Сейчас, например, сидя в поезде, где-то на полпути между Франкфуртом и Геттингеном, я не могу избавиться от мысли, что немцы, уже развязав Первую мировую войну, основательно насолили Гете. Бабушка моя, будучи девицей, знала его поэзию наизусть, но за десятилетия, прошедшие после той войны, двадцатитомник Гете в бордовом кожаном переплете мало-помалу покрылся пылью; я уверен, никто, кроме служанки со щеткой, к этим томам, теснящимся на длинной книжной полке, вообще не притрагивался. А Вторая мировая война окончательно вычеркнула Гете из списка живых поэтов. Зато воскресила Кавафиса, Пессоа. На руинах Германии расцвели два новых немецких языка; оба они к языку Гете имеют мало отношения. Простое немецкое слово «Бухенвальд», скажем, уже невозможно произнести так, чтобы тебе сразу пришло в голову его первое значение: буковый лес. Если верить Семпруну, бухенвальдское дерево Гете было уничтожено пожаром, начавшимся после какого-то воздушного налета. Нет такого немецкого языка, на котором сегодня, при упоминании его дерева, не пришло бы в голову нечто совсем другое. В европейских гимназиях в списках обязательного чтения до сих пор остаются кое-какие отрывки из «Фауста», ночная песня странника – потому что она короткая, – ну, и «Страдания юного Вертера», которые, уже из-за смехотворного названия, ни одна живая душа нынче не читает. Наблюдения Камю, Беккета, Месея и Дюра, касающиеся меры, причин, масштабов и последствий страданий человеческих, во всех отношениях расходятся с тем, что мог чувствовать и думать в свое время Гете. Великая книга нашей эпохи – даже не «Посторонний», не «Годо», не «Савл», а произведение Маргерит Дюра, «La douleur».
Маргерит Дюра в первом лице единственного числа, в оборванных, проглоченных фразах, повествует о том, как она ждала, ждала одержимо, встречая на вокзале поезда с людьми, возвращающимися из концлагерей, – своего любимого. А когда Робер Антельм, поддерживаемый под руки попутчиками, не тогда и не туда, когда и где она его ждет, но действительно возвращается, она не узнает его, а осознав, что не узнала, кричит, убегает в ужасе, теряет сознание.
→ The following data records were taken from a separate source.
lemma upper_inv_diag_block_elliptic:
  "(c / K_U^2) * (\<Sum>i\<in>blk nb k. (u i)^2) \<le> (\<Sum>i\<in>blk nb k. u i * (\<Sum>t\<in>blk nb k. upper_inv i t * u t))"
proof -
  define y where "y i = (\<Sum>t\<in>blk nb k. upper_inv i t * u t)" for i
  have Uy: "(\<Sum>i\<in>blk nb k. upper r i * y i) = u r" if r: "r \<in> blk nb k" for r
  proof -
    have "(\<Sum>i\<in>blk nb k. upper r i * y i) = (\<Sum>t\<in>blk nb k. (\<Sum>i\<in>blk nb k. upper r i * upper_inv i t) * u t)"
      unfolding y_def by (simp add: sum_mult_sum_swap(1) sum_distrib_right mult.assoc)
    also have "\<dots> = (\<Sum>t\<in>blk nb k. if t = r then u t else 0)"
      by (intro sum.cong refl) (use r sum_blk_upper_upper_inv in auto)
    also have "\<dots> = u r" using r finite_blk by simp
    finally show ?thesis .
  qed
  have "(\<Sum>r\<in>blk nb k. (u r)^2) = (\<Sum>r\<in>blk nb k. (\<Sum>i\<in>blk nb k. upper r i * y i)^2)"
    by (intro sum.cong refl) (simp add: Uy)
  also have "\<dots> \<le> K_U^2 * (\<Sum>i\<in>blk nb k. (y i)^2)" by (rule upper_block_bound)
  finally have u2: "(\<Sum>r\<in>blk nb k. (u r)^2) \<le> K_U^2 * (\<Sum>i\<in>blk nb k. (y i)^2)" .
  have "c * (\<Sum>i\<in>blk nb k. (y i)^2) \<le> (\<Sum>i\<in>blk nb k. y i * (\<Sum>t\<in>blk nb k. upper i t * y t))"
    by (rule upper_diag_block_elliptic)
  also have "\<dots> = (\<Sum>i\<in>blk nb k. u i * y i)" by (intro sum.cong refl) (simp add: Uy)
  finally have cy: "c * (\<Sum>i\<in>blk nb k. (y i)^2) \<le> (\<Sum>i\<in>blk nb k. u i * y i)" .
  have "(c / K_U^2) * (\<Sum>i\<in>blk nb k. (u i)^2) \<le> (c / K_U^2) * (K_U^2 * (\<Sum>i\<in>blk nb k. (y i)^2))"
    using c_pos K_U_pos by (intro mult_left_mono u2) auto
  also have "\<dots> = c * (\<Sum>i\<in>blk nb k. (y i)^2)" using K_U_pos by simp
  also have "\<dots> \<le> (\<Sum>i\<in>blk nb k. u i * y i)" by (rule cy)
  finally show ?thesis unfolding y_def .
qed

lemma l2_inverse_upper: "l2_inverse upper upper_inv"
  unfolding l2_inverse_def using mv_upper_upper_inv mv_upper_inv_upper by blast

lemma bounded_l2_lower: "bounded_l2 lower"
  by (rule bounded_l2_if_finite_sections_bounded[OF finite_sections_bounded_lower])

lemma bounded_l2_lower_inv: "bounded_l2 lower_inv"
  by (rule bounded_l2_if_finite_sections_bounded[OF finite_sections_bounded_lower_inv[OF finite_sections_bounded_upper]])

lemma block_lower_lower: "block_lower nb lower"
  unfolding block_lower_def block_zero_iff by (auto simp: lower_eq_unit)

lemma unit_block_diag_lower: "unit_block_diag nb lower"
  unfolding unit_block_diag_def by (simp add: lower_eq_unit in_blk_iff)

lemma block_banded_lower: "block_banded nb b0 lower"
  unfolding block_banded_def block_zero_iff by (auto simp: lower_eq_unit lower_eq_zero_outside_band)

lemma block_upper_upper: "block_upper nb upper"
  unfolding block_upper_def block_zero_iff by (auto simp: upper_eq_zero_below_diag)

lemma block_banded_upper: "block_banded nb b0 upper"
  unfolding block_banded_def block_zero_iff by (auto simp: upper_eq_zero_below_diag upper_eq_zero_outside_band)

lemma bounded_l2_upper_diag: "bounded_l2 (block_diag_part nb upper)"
  by (rule bounded_l2_if_finite_sections_bounded[OF finite_sections_bounded_block_diag_part[OF upper_block_bound]])

lemma elliptic_l2_upper_diag: "elliptic_l2 (block_diag_part nb upper)"
  by (rule elliptic_l2_block_diag_part[OF upper_block_bound c_pos upper_diag_block_elliptic])

lemma l2_inverse_upper_diag: "l2_inverse (block_diag_part nb upper) (block_diag_part nb upper_inv)"
  by (rule l2_inverse_block_diag_part[OF sum_blk_upper_upper_inv])

lemma bounded_l2_upper_inv_diag: "bounded_l2 (block_diag_part nb upper_inv)"
  by (rule bounded_l2_if_finite_sections_bounded[OF finite_sections_bounded_block_diag_part[OF upper_inv_diag_block_bound]])

lemma elliptic_l2_upper_inv_diag: "elliptic_l2 (block_diag_part nb upper_inv)"
  using c_pos K_U_pos
  by (intro elliptic_l2_block_diag_part[OF upper_inv_diag_block_bound _ upper_inv_diag_block_elliptic]) simp

end

theorem lemma3p7:
  fixes M :: imat and nb :: "nat \<Rightarrow> nat" and b0 :: nat
  assumes "bounded_l2 M"
    and "elliptic_l2 M"
    and "block_structure nb"
    and "block_banded nb b0 M"
  shows "\<exists>L U. M = mmul L U
     \<and> block_lower nb L \<and> block_upper nb U \<and> unit_block_diag nb L
     \<and> block_banded nb b0 L \<and> block_banded nb b0 U
     \<and> bounded_l2 L \<and> bounded_l2 U
     \<and> (\<exists>Linv. bounded_l2 Linv \<and> l2_inverse L Linv)
     \<and> (\<exists>Uinv. bounded_l2 Uinv \<and> l2_inverse U Uinv)
     \<and> bounded_l2 (block_diag_part nb U) \<and> elliptic_l2 (block_diag_part nb U)
     \<and> (\<exists>Dinv. l2_inverse (block_diag_part nb U) Dinv \<and> bounded_l2 Dinv \<and> elliptic_l2 Dinv)"
proof -
  obtain c where c: "c > 0" "\<And>N x. c * (\<Sum>j<N. (x j)^2) \<le> (\<Sum>i<N. x i * (\<Sum>j<N. M i j * x j))"
    using elliptic_sections_if_elliptic_l2[OF assms(2)] by blast
  obtain K where "finite_sections_bounded M K"
    using finite_sections_bounded_if_bounded_l2[OF assms(1)] by blast
  moreover have "K^2 \<le> (\<bar>K\<bar> + 1)^2"
    using power_mono[of "\<bar>K\<bar>" "\<bar>K\<bar> + 1" 2] by simp
  ultimately have K: "finite_sections_bounded M (\<bar>K\<bar> + 1)"
    by (rule finite_sections_bounded_mono)
  interpret banded_elliptic nb M b0 c "\<bar>K\<bar> + 1"
    by unfold_locales (use assms c K in simp_all)
  show ?thesis
    by (intro exI conjI)
      (rule M_eq_mmul_lower_upper block_lower_lower block_upper_upper unit_block_diag_lower
        block_banded_lower block_banded_upper bounded_l2_lower bounded_l2_upper
        bounded_l2_lower_inv l2_inverse_lower bounded_l2_upper_inv l2_inverse_upper
        bounded_l2_upper_diag elliptic_l2_upper_diag
        l2_inverse_upper_diag bounded_l2_upper_inv_diag elliptic_l2_upper_inv_diag)+
qed

end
Потом кормит его, ухаживает за этим беспомощным обрубком человека, несколько раз в день, после приступов поноса, моет его, и когда они, спустя несколько месяцев, первый раз уезжают к морю, говорит ему, что больше не может с ним жить. Тому, кто переживет, как собственную судьбу, эту историю, во всей ее реальности, безумии, жестокости и трезвости, кто почувствует самого себя безнадежно травмированным, душой и телом неполноценным человеком, – что ему делать со страданиями Вертера?
Точно так же и с «Фаустом». Если смотреть из нашего несчастного столетия, то «Фауст» – в моих глазах – не поэма, созданная универсальной личностью, а тонкое, очень рациональное, очень субъективное описание некой огромной депрессии, превратившейся в постоянный недуг, почти не подвластной осмыслению и анализу. Гениальность этой поэмы – в ее историчности. Объекты депрессии не названы в ней конкретно; более того, все названия, которые в ней фигурируют, сознательно нацелены на то, чтобы ввести читателя в заблуждение. Примерно так поступают с именами своего бога евреи. Им приходится пользоваться невероятным количеством имен, – лишь бы не произнести настоящее имя. Гете демонстрирует, как с помощью бескрайнего и беспроглядного нагромождения слов можно скрыть истинный предмет разговора. Он создал модель не только немецкой, но и всей современной европейской ментальности. Он нашел способ, как упорным, ежедневным трудом можно скрыть собственную реальную сущность. Он последовательно говорил совсем не о том, что знал, и тем самым заложил основы современной европейской практики умолчания. Смерть Вертера именно из-за глубокой склонности автора ко лжи и становится таким потрясающим событием для всех, кто и сам охотнее выберет смерть, чем необходимость признаться в любви человеку, к которому ты ничего не чувствуешь: ведь смерть позволяет унести с собой тайну своей истинной любви.